Exercise prompt: Only the lines holding the word "fixes" are wanted; copy each of them from the listing.
_ _ _
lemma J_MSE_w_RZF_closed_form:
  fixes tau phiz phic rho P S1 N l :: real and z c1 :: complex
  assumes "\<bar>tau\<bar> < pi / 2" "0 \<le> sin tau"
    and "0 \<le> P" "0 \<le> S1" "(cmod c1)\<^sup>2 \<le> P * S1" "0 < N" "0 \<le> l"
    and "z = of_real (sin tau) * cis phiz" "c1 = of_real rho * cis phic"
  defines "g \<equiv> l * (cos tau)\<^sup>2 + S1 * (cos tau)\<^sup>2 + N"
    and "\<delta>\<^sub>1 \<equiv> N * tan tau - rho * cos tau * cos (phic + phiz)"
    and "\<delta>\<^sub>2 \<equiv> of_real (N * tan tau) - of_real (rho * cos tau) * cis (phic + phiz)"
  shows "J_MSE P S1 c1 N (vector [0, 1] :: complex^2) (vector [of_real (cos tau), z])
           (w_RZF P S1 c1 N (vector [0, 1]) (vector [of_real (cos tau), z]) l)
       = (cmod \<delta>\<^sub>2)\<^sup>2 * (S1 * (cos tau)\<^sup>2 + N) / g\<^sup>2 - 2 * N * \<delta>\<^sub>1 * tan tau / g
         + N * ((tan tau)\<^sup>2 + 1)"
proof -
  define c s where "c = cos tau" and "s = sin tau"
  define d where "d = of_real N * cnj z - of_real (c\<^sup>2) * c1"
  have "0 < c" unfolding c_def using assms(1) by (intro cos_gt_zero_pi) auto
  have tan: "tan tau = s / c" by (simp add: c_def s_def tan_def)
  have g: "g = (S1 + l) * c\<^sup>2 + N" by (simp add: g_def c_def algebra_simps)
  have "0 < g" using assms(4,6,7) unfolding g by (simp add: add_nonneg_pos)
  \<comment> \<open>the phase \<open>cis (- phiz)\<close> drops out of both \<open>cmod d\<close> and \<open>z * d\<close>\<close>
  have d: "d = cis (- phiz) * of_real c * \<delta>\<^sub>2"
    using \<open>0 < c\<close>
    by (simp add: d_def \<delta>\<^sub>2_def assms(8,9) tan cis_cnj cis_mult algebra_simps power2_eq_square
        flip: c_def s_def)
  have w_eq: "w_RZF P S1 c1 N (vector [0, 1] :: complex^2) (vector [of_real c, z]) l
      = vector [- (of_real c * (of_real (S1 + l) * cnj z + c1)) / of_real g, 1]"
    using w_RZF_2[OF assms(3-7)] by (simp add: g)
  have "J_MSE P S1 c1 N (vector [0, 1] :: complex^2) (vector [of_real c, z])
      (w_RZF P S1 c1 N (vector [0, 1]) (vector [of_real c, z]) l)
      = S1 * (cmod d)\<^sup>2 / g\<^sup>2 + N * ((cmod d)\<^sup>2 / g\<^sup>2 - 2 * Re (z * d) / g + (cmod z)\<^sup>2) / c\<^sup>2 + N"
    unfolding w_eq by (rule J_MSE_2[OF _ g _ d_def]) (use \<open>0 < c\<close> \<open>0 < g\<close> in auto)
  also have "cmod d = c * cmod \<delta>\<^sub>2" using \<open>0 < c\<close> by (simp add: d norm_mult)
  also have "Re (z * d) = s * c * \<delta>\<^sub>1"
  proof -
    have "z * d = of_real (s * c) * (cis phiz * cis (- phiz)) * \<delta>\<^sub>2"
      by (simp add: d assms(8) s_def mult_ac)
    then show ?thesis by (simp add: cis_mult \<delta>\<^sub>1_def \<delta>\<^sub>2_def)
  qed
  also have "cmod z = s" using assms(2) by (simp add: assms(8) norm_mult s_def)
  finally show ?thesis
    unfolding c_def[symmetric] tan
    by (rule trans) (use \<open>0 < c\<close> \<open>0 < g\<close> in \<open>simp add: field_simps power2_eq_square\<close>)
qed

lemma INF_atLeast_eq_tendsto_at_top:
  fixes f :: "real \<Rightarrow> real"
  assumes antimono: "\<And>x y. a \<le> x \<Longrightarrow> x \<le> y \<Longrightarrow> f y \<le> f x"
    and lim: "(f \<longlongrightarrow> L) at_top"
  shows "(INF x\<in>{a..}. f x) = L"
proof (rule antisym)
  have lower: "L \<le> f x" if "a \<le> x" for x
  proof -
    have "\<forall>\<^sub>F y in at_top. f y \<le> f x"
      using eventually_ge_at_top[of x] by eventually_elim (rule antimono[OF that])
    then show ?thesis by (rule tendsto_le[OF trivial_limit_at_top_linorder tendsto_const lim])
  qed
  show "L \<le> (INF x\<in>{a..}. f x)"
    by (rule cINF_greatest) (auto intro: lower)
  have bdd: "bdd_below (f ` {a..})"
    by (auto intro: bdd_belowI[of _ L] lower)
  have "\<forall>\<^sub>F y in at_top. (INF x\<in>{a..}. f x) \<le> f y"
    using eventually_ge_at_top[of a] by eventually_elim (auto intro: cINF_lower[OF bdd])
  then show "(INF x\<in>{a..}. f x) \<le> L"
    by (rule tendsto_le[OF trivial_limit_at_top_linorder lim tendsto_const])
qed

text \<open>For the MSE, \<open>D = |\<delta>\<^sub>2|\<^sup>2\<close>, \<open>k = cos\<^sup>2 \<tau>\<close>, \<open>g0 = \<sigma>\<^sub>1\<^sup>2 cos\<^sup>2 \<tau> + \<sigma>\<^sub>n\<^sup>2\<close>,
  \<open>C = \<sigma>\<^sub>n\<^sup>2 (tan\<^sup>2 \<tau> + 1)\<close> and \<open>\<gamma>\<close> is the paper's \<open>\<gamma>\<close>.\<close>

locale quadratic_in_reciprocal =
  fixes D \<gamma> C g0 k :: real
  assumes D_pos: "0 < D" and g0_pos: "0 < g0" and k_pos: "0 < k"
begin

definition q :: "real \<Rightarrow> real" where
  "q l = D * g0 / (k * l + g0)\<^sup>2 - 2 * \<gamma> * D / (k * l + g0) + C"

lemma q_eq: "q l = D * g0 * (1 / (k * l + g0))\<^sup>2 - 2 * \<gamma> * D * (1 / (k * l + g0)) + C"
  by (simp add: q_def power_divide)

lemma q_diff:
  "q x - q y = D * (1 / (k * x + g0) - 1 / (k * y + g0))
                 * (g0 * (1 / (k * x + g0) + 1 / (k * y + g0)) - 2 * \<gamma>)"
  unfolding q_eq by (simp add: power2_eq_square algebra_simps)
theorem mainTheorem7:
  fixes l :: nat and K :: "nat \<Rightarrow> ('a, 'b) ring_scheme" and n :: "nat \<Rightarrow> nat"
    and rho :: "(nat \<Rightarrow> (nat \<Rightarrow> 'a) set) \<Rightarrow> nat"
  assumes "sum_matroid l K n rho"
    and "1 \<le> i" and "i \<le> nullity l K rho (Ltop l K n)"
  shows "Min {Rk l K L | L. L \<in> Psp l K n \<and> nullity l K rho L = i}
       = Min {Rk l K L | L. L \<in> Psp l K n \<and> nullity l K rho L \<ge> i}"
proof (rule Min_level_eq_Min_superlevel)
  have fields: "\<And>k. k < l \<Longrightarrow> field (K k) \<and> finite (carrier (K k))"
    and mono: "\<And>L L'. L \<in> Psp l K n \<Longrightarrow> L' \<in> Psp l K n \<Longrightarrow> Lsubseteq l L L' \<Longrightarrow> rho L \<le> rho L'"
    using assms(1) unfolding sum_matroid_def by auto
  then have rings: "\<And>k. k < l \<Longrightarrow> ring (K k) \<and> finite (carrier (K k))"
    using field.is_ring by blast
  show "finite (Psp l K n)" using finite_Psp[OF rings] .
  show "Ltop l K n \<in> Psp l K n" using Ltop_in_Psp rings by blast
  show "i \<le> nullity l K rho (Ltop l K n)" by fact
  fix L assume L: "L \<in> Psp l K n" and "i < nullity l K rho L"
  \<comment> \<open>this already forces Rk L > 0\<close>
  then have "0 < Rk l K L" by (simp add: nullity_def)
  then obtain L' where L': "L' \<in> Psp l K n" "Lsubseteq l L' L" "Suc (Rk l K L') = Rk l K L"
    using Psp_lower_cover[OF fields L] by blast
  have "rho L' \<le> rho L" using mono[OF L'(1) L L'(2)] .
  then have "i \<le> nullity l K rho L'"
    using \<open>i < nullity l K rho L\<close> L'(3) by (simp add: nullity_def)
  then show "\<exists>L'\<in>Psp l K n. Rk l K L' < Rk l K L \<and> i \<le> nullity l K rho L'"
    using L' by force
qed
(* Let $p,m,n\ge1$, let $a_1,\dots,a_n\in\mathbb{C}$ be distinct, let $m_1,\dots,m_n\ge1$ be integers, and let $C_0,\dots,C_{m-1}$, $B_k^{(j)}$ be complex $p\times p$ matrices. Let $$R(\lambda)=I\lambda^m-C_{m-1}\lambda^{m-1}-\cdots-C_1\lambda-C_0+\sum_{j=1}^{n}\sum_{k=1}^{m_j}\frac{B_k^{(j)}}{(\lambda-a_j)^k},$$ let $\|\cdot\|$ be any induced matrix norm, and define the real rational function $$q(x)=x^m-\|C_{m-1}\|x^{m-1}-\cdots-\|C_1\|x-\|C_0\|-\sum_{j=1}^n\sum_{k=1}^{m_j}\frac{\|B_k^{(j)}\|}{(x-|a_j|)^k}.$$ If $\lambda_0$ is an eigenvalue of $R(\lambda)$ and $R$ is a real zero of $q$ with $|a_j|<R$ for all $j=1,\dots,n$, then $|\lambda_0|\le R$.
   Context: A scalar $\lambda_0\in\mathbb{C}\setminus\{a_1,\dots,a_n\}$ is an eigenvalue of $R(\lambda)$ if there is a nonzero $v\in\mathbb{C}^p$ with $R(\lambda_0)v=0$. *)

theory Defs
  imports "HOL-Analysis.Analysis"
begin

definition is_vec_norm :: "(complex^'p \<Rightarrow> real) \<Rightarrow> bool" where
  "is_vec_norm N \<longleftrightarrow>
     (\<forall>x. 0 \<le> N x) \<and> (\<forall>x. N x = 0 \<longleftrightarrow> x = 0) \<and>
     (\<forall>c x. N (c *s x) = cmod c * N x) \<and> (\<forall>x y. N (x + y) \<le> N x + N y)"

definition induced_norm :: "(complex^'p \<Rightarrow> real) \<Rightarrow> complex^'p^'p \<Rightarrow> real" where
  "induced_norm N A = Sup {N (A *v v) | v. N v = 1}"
_ _ _
The answer:
  fixes tau phiz phic rho P S1 N l :: real and z c1 :: complex
  fixes f :: "real \<Rightarrow> real"
  fixes D \<gamma> C g0 k :: real
  fixes l :: nat and K :: "nat \<Rightarrow> ('a, 'b) ring_scheme" and n :: "nat \<Rightarrow> nat"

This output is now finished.